# Gotta brag a litte... Now it is official



## JohnnyBandit (Sep 19, 2008)

AKC just updated...

GCH CH Call Me Work N Some Magic - DN18471704
Printer Friendly Page 

Conformation - Awards Processed Through 17-MAY-2011


GCH 
Number of Points 28 
Number Major Wins 5 
Number Major Judges 5 
Total Number Judges 13 
Events w/CH Defeated 3 

--------------------------------------------------------------------------------

--------------------------------------------------------------------------------

Everyone do the Merlin Dance!!!


----------



## Elana55 (Jan 7, 2008)

:clap2:

GO MERLIN!!!!! :whoo:

Questa and I are going to a WDA show tomorrow to talk to a handler.. and talk with the breeder.. about costs.... No smilie here for terrified....


----------



## Inga (Jun 16, 2007)

Congratulations! Go Merlin, Go Merlin, Go Merlin. <<< CHANT

He is just a gorgeous dog, regardless of any letters in front of his name. 



Good Luck Elana.


----------



## wvasko (Dec 15, 2007)

As usual I'm a couple days too late but a big YAHOOO for the Merlin rascal.


----------



## JohnnyBandit (Sep 19, 2008)

Thanks All!!!

His finishing photo came Friday.


----------



## Elana55 (Jan 7, 2008)

Very nice. Love his look.. strong throughout, especially his shoulder. 

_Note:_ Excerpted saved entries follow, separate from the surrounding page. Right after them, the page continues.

lemma inverse_g1_bound: "AE \<omega> in M. \<bar>1 / g1 (W \<omega>)\<bar> \<le> 1 / \<epsilon>1"
  using AE_space by eventually_elim (use g1_W_bounds \<epsilon>1_pos in \<open>force simp: frac_le\<close>)

lemma e_score_weighted_residual:
  assumes g1_eq_g: "AE \<omega> in M. g1 (W \<omega>) = g (W \<omega>)"
  shows "(\<integral>\<omega>. A \<omega> * ((Y \<omega> - m1 (W \<omega>)) * (1 / k (h (g1 (W \<omega>))))) \<partial>M) = (\<integral>\<omega>. h (g1 (W \<omega>)) \<partial>M)"
proof -
  note residual_step = residual_integral_mult[OF g1_eq_g, where \<psi>="\<lambda>t. 1 / k (h t)", OF _ inverse_e_score_bound]
  have "integrable M (\<lambda>\<omega>. g1 (W \<omega>) * (h (g1 (W \<omega>)) / k (h (g1 (W \<omega>)))))"
    using residual_step(1) by simp
  note e_score_step = regr_integral_mult[OF _ e_score_regr, where \<phi>="\<lambda>s. s / k s", OF _ _ _ this]
  have "(\<integral>\<omega>. A \<omega> * ((Y \<omega> - m1 (W \<omega>)) * (1 / k (h (g1 (W \<omega>))))) \<partial>M)
      = (\<integral>\<omega>. k (h (g1 (W \<omega>))) * (h (g1 (W \<omega>)) / k (h (g1 (W \<omega>)))) \<partial>M)"
    using residual_step(2) e_score_step(2) by simp
  also have "\<dots> = (\<integral>\<omega>. h (g1 (W \<omega>)) \<partial>M)"
    by (rule integral_cong_AE) (use e_score_lower_bound \<epsilon>1_pos in \<open>auto elim!: AE_mp\<close>)
  finally show ?thesis .
qed

lemma ipw_weighted_residual:
  assumes g1_eq_g: "AE \<omega> in M. g1 (W \<omega>) = g (W \<omega>)"
  shows "(\<integral>\<omega>. A \<omega> * ((Y \<omega> - m1 (W \<omega>)) * (1 / g1 (W \<omega>))) \<partial>M) = (\<integral>\<omega>. h (g1 (W \<omega>)) \<partial>M)"
proof -
  have "(\<integral>\<omega>. A \<omega> * ((Y \<omega> - m1 (W \<omega>)) * (1 / g1 (W \<omega>))) \<partial>M)
      = (\<integral>\<omega>. g1 (W \<omega>) * (h (g1 (W \<omega>)) * (1 / g1 (W \<omega>))) \<partial>M)"
    using residual_integral_mult(2)[OF g1_eq_g, where \<psi>="\<lambda>t. 1 / t", OF _ inverse_g1_bound] by simp
  also have "\<dots> = (\<integral>\<omega>. h (g1 (W \<omega>)) \<partial>M)"
    by (rule Bochner_Integration.integral_cong[OF refl]) (use g1_W_bounds \<epsilon>1_pos in force)
  finally show ?thesis .
qed

lemma ipw_integral:
  fixes \<phi> :: "'w \<Rightarrow> real"
  assumes g1_eq_g: "AE \<omega> in M. g1 (W \<omega>) = g (W \<omega>)" and [measurable]: "\<phi> \<in> borel_measurable Mw"
    and weighted_int: "integrable M (\<lambda>\<omega>. A \<omega> * (\<phi> (W \<omega>) * (1 / g1 (W \<omega>))))"
  shows "(\<integral>\<omega>. A \<omega> * (\<phi> (W \<omega>) * (1 / g1 (W \<omega>))) \<partial>M) = (\<integral>\<omega>. \<phi> (W \<omega>) \<partial>M)"
proof -
  have "(\<integral>\<omega>. A \<omega> * (\<phi> (W \<omega>) * (1 / g1 (W \<omega>))) \<partial>M)
      = (\<integral>\<omega>. g (W \<omega>) * (\<phi> (W \<omega>) * (1 / g1 (W \<omega>))) \<partial>M)"
    using regr_integral_mult(2)[OF W_measurable propensity A_measurable,
        where \<phi>="\<lambda>w. \<phi> w * (1 / g1 w)", OF _ weighted_int] by simp
  also have "\<dots> = (\<integral>\<omega>. \<phi> (W \<omega>) \<partial>M)"
  proof (rule integral_cong_AE)
    show "AE \<omega> in M. g (W \<omega>) * (\<phi> (W \<omega>) * (1 / g1 (W \<omega>))) = \<phi> (W \<omega>)"
      using g1_eq_g AE_space
    proof eventually_elim
      case (elim \<omega>)
      then have "g1 (W \<omega>) \<noteq> 0"
        using g1_W_bounds \<epsilon>1_pos by force
      with elim(1) show ?case
        by simp
    qed
  qed measurable
  finally show ?thesis .
qed

lemma ipw_residual_integral:
  assumes g1_eq_g: "AE \<omega> in M. g1 (W \<omega>) = g (W \<omega>)"
  shows "(\<integral>\<omega>. A \<omega> * ((Y \<omega> - m1 (W \<omega>)) * (1 / g1 (W \<omega>))) \<partial>M)
    = (\<integral>\<omega>. m (W \<omega>) \<partial>M) - (\<integral>\<omega>. m1 (W \<omega>) \<partial>M)"
proof -
  have Y_int: "integrable M (\<lambda>\<omega>. A \<omega> * (Y \<omega> * (1 / g1 (W \<omega>))))"
    using integrable_treated_weighted[where \<phi>="\<lambda>w. 1 / g1 w", OF _ _ _ inverse_g1_bound] Y_bounds
    by simp
  have m1_int: "integrable M (\<lambda>\<omega>. A \<omega> * (m1 (W \<omega>) * (1 / g1 (W \<omega>))))"
    using integrable_treated_weighted[where \<phi>="\<lambda>w. 1 / g1 w", OF _ _ _ inverse_g1_bound] m1_W_bounds
    by simp
  note outcome_step = regr_treated_integral_mult[OF W_measurable outcome Y_measurable,
      where \<phi>="\<lambda>w. 1 / g1 w", OF _ Y_int]
  have "(\<integral>\<omega>. A \<omega> * ((Y \<omega> - m1 (W \<omega>)) * (1 / g1 (W \<omega>))) \<partial>M)
      = (\<integral>\<omega>. A \<omega> * (Y \<omega> * (1 / g1 (W \<omega>))) - A \<omega> * (m1 (W \<omega>) * (1 / g1 (W \<omega>))) \<partial>M)"
    by (simp add: algebra_simps)
  also have "\<dots> = (\<integral>\<omega>. A \<omega> * (m (W \<omega>) * (1 / g1 (W \<omega>))) \<partial>M)
      - (\<integral>\<omega>. A \<omega> * (m1 (W \<omega>) * (1 / g1 (W \<omega>))) \<partial>M)"
    using Y_int m1_int outcome_step(2) by simp
  also have "\<dots> = (\<integral>\<omega>. m (W \<omega>) \<partial>M) - (\<integral>\<omega>. m1 (W \<omega>) \<partial>M)"
    using ipw_integral[OF g1_eq_g _ outcome_step(1)] ipw_integral[OF g1_eq_g _ m1_int] by simp
  finally show ?thesis .
qed

lemma outcome_weighted_residual:
  fixes \<phi> :: "'w \<Rightarrow> real"
  assumes m1_eq_m: "AE \<omega> in M. m1 (W \<omega>) = m (W \<omega>)"
    and [measurable]: "\<phi> \<in> borel_measurable Mw" and \<phi>_bound: "AE \<omega> in M. \<bar>\<phi> (W \<omega>)\<bar> \<le> B"
  shows "(\<integral>\<omega>. A \<omega> * ((Y \<omega> - m1 (W \<omega>)) * \<phi> (W \<omega>)) \<partial>M) = 0"
proof -
  have Y_int: "integrable M (\<lambda>\<omega>. A \<omega> * (Y \<omega> * \<phi> (W \<omega>)))"
    using integrable_treated_weighted[OF _ _ _ \<phi>_bound] Y_bounds by simp
  have m1_int: "integrable M (\<lambda>\<omega>. A \<omega> * (m1 (W \<omega>) * \<phi> (W \<omega>)))"
    using integrable_treated_weighted[OF _ _ _ \<phi>_bound] m1_W_bounds by simp
  have "(\<integral>\<omega>. A \<omega> * ((Y \<omega> - m1 (W \<omega>)) * \<phi> (W \<omega>)) \<partial>M)
      = (\<integral>\<omega>. A \<omega> * (Y \<omega> * \<phi> (W \<omega>)) - A \<omega> * (m1 (W \<omega>) * \<phi> (W \<omega>)) \<partial>M)"
    by (simp add: algebra_simps)
  also have "\<dots> = (\<integral>\<omega>. A \<omega> * (m (W \<omega>) * \<phi> (W \<omega>)) \<partial>M) - (\<integral>\<omega>. A \<omega> * (m1 (W \<omega>) * \<phi> (W \<omega>)) \<partial>M)"
    using Y_int m1_int regr_treated_integral_mult(2)[OF W_measurable outcome Y_measurable _ Y_int] by simp
  also have "(\<integral>\<omega>. A \<omega> * (m (W \<omega>) * \<phi> (W \<omega>)) \<partial>M) = (\<integral>\<omega>. A \<omega> * (m1 (W \<omega>) * \<phi> (W \<omega>)) \<partial>M)"
    by (rule integral_cong_AE) (use m1_eq_m in \<open>auto elim!: AE_mp\<close>)
  finally show ?thesis
    by simp
qed

lemma e_score_weighted_residual_integral:
  assumes "(AE \<omega> in M. g1 (W \<omega>) = g (W \<omega>)) \<or> (AE \<omega> in M. m1 (W \<omega>) = m (W \<omega>))"
  shows "(\<integral>\<omega>. A \<omega> * ((Y \<omega> - m1 (W \<omega>)) * (1 / k (h (g1 (W \<omega>))))) \<partial>M)
    = (\<integral>\<omega>. m (W \<omega>) \<partial>M) - (\<integral>\<omega>. m1 (W \<omega>) \<partial>M)"
  using assms
proof
  assume g1_eq_g: "AE \<omega> in M. g1 (W \<omega>) = g (W \<omega>)"
  show ?thesis
    using e_score_weighted_residual[OF g1_eq_g] ipw_weighted_residual[OF g1_eq_g]
      ipw_residual_integral[OF g1_eq_g] by simp
next
  assume m1_eq_m: "AE \<omega> in M. m1 (W \<omega>) = m (W \<omega>)"
  have "(\<integral>\<omega>. m (W \<omega>) \<partial>M) = (\<integral>\<omega>. m1 (W \<omega>) \<partial>M)"
    by (rule integral_cong_AE) (use m1_eq_m in \<open>auto elim!: AE_mp\<close>)
  then show ?thesis
    using outcome_weighted_residual[OF m1_eq_m, where \<phi>="\<lambda>w. 1 / k (h (g1 w))", OF _ inverse_e_score_bound]
    by simp
qed

end

theorem theorem2:
  fixes M :: "'o measure" and Mw :: "'w measure"
    and W :: "'o \<Rightarrow> 'w" and A Y :: "'o \<Rightarrow> real"
    and g m g1 m1 :: "'w \<Rightarrow> real" and h k :: "real \<Rightarrow> real"
    and \<epsilon> \<epsilon>1 \<theta> :: real
  assumes P: "prob_space M"
    and W_meas: "W \<in> measurable M Mw"
    and A_meas: "A \<in> borel_measurable M" and A_vals: "\<forall>\<omega>\<in>space M. A \<omega> \<in> {0, 1}"
    and Y_meas: "Y \<in> borel_measurable M" and Y_vals: "\<forall>\<omega>\<in>space M. 0 \<le> Y \<omega> \<and> Y \<omega> \<le> 1"
    \<comment> \<open>propensity score g(w) = P(A=1 | W=w)\<close>
    and g_def: "regr M W Mw A g"
    \<comment> \<open>outcome regression m(w) = E(Y | A=1, W=w)\<close>
    and m_def: "regr (restrict_space M {\<omega>\<in>space M. A \<omega> = 1}) W Mw Y m"
    and theta_def: "\<theta> = integral\<^sup>L M (\<lambda>\<omega>. m (W \<omega>))"
    and eps_pos: "\<epsilon> > 0" and positivity: "AE \<omega> in M. g (W \<omega>) > \<epsilon>"
    and g1_meas: "g1 \<in> borel_measurable Mw"
    and eps1_pos: "\<epsilon>1 > 0" and g1_vals: "\<forall>w\<in>space Mw. \<epsilon>1 \<le> g1 w \<and> g1 w \<le> 1"
    and m1_meas: "m1 \<in> borel_measurable Mw"
    and m1_vals: "\<forall>w\<in>space Mw. 0 \<le> m1 w \<and> m1 w \<le> 1"
    and dr: "(AE \<omega> in M. g1 (W \<omega>) = g (W \<omega>)) \<or> (AE \<omega> in M. m1 (W \<omega>) = m (W \<omega>))"
    \<comment> \<open>r1(w) = h(g1(w)) with h(t) = E(Y - m1(W) | A=1, g1(W)=t)\<close>
    and h_def: "regr (restrict_space M {\<omega>\<in>space M. A \<omega> = 1}) (\<lambda>\<omega>. g1 (W \<omega>)) borel
                  (\<lambda>\<omega>. Y \<omega> - m1 (W \<omega>)) h"
    \<comment> \<open>e1(w) = k(r1(w)) with k(s) = E(g1(W) | r1(W)=s)\<close>
    and k_def: "regr M (\<lambda>\<omega>. h (g1 (W \<omega>))) borel (\<lambda>\<omega>. g1 (W \<omega>)) k"
  shows "integrable M (\<lambda>\<omega>. A \<omega> / k (h (g1 (W \<omega>))) * (Y \<omega> - m1 (W \<omega>)) + m1 (W \<omega>) - \<theta>)
     \<and> integral\<^sup>L M (\<lambda>\<omega>. A \<omega> / k (h (g1 (W \<omega>))) * (Y \<omega> - m1 (W \<omega>)) + m1 (W \<omega>) - \<theta>) = 0"
proof -
  have "e_score_model M Mw W A Y g m g1 m1 h k \<epsilon>1"
    using assms by (simp add: e_score_model_def e_score_model_axioms_def
        treatment_model_def treatment_model_axioms_def)
  then interpret e_score_model M Mw W A Y g m g1 m1 h k \<epsilon>1 .
  have weighted_int: "integrable M (\<lambda>\<omega>. A \<omega> * ((Y \<omega> - m1 (W \<omega>)) * (1 / k (h (g1 (W \<omega>))))))"
    using integrable_treated_weighted[where \<phi>="\<lambda>w. 1 / k (h (g1 w))", OF _ _ _ inverse_e_score_bound]
      residual_abs_le_1 by simp
  have m1_int: "integrable M (\<lambda>\<omega>. m1 (W \<omega>))"
    by (rule integrable_const_bound[where B=1]) (use m1_W_bounds in auto)
  have "(\<lambda>\<omega>. A \<omega> / k (h (g1 (W \<omega>))) * (Y \<omega> - m1 (W \<omega>)) + m1 (W \<omega>) - \<theta>)
      = (\<lambda>\<omega>. A \<omega> * ((Y \<omega> - m1 (W \<omega>)) * (1 / k (h (g1 (W \<omega>))))) + m1 (W \<omega>) - \<theta>)"
    by simp
  then show ?thesis
    using weighted_int m1_int e_score_weighted_residual_integral[OF dr] theta_def
    by (simp add: prob_space)
qed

Never know he is the same dog that kicked Coyote @$$ a couple of weeks ago!


----------



## kacaju (Jan 2, 2008)

Congratulations!! We are almost there ourselves. 7 more grand champion points to go!!


----------



## Tami (Aug 31, 2006)

JohnnyBandit said:


> AKC just updated...
> 
> GCH CH Call Me Work N Some Magic - DN18471704
> Printer Friendly Page
> ...


Congrats! Are you going to keep showing him? I still show my boy since our breed club has a century club for 100 BOB wins that I'd like to get for him. It's kindo fun tracking his GCH points on AKC and seeing where he ranks for the state/country for his breed


----------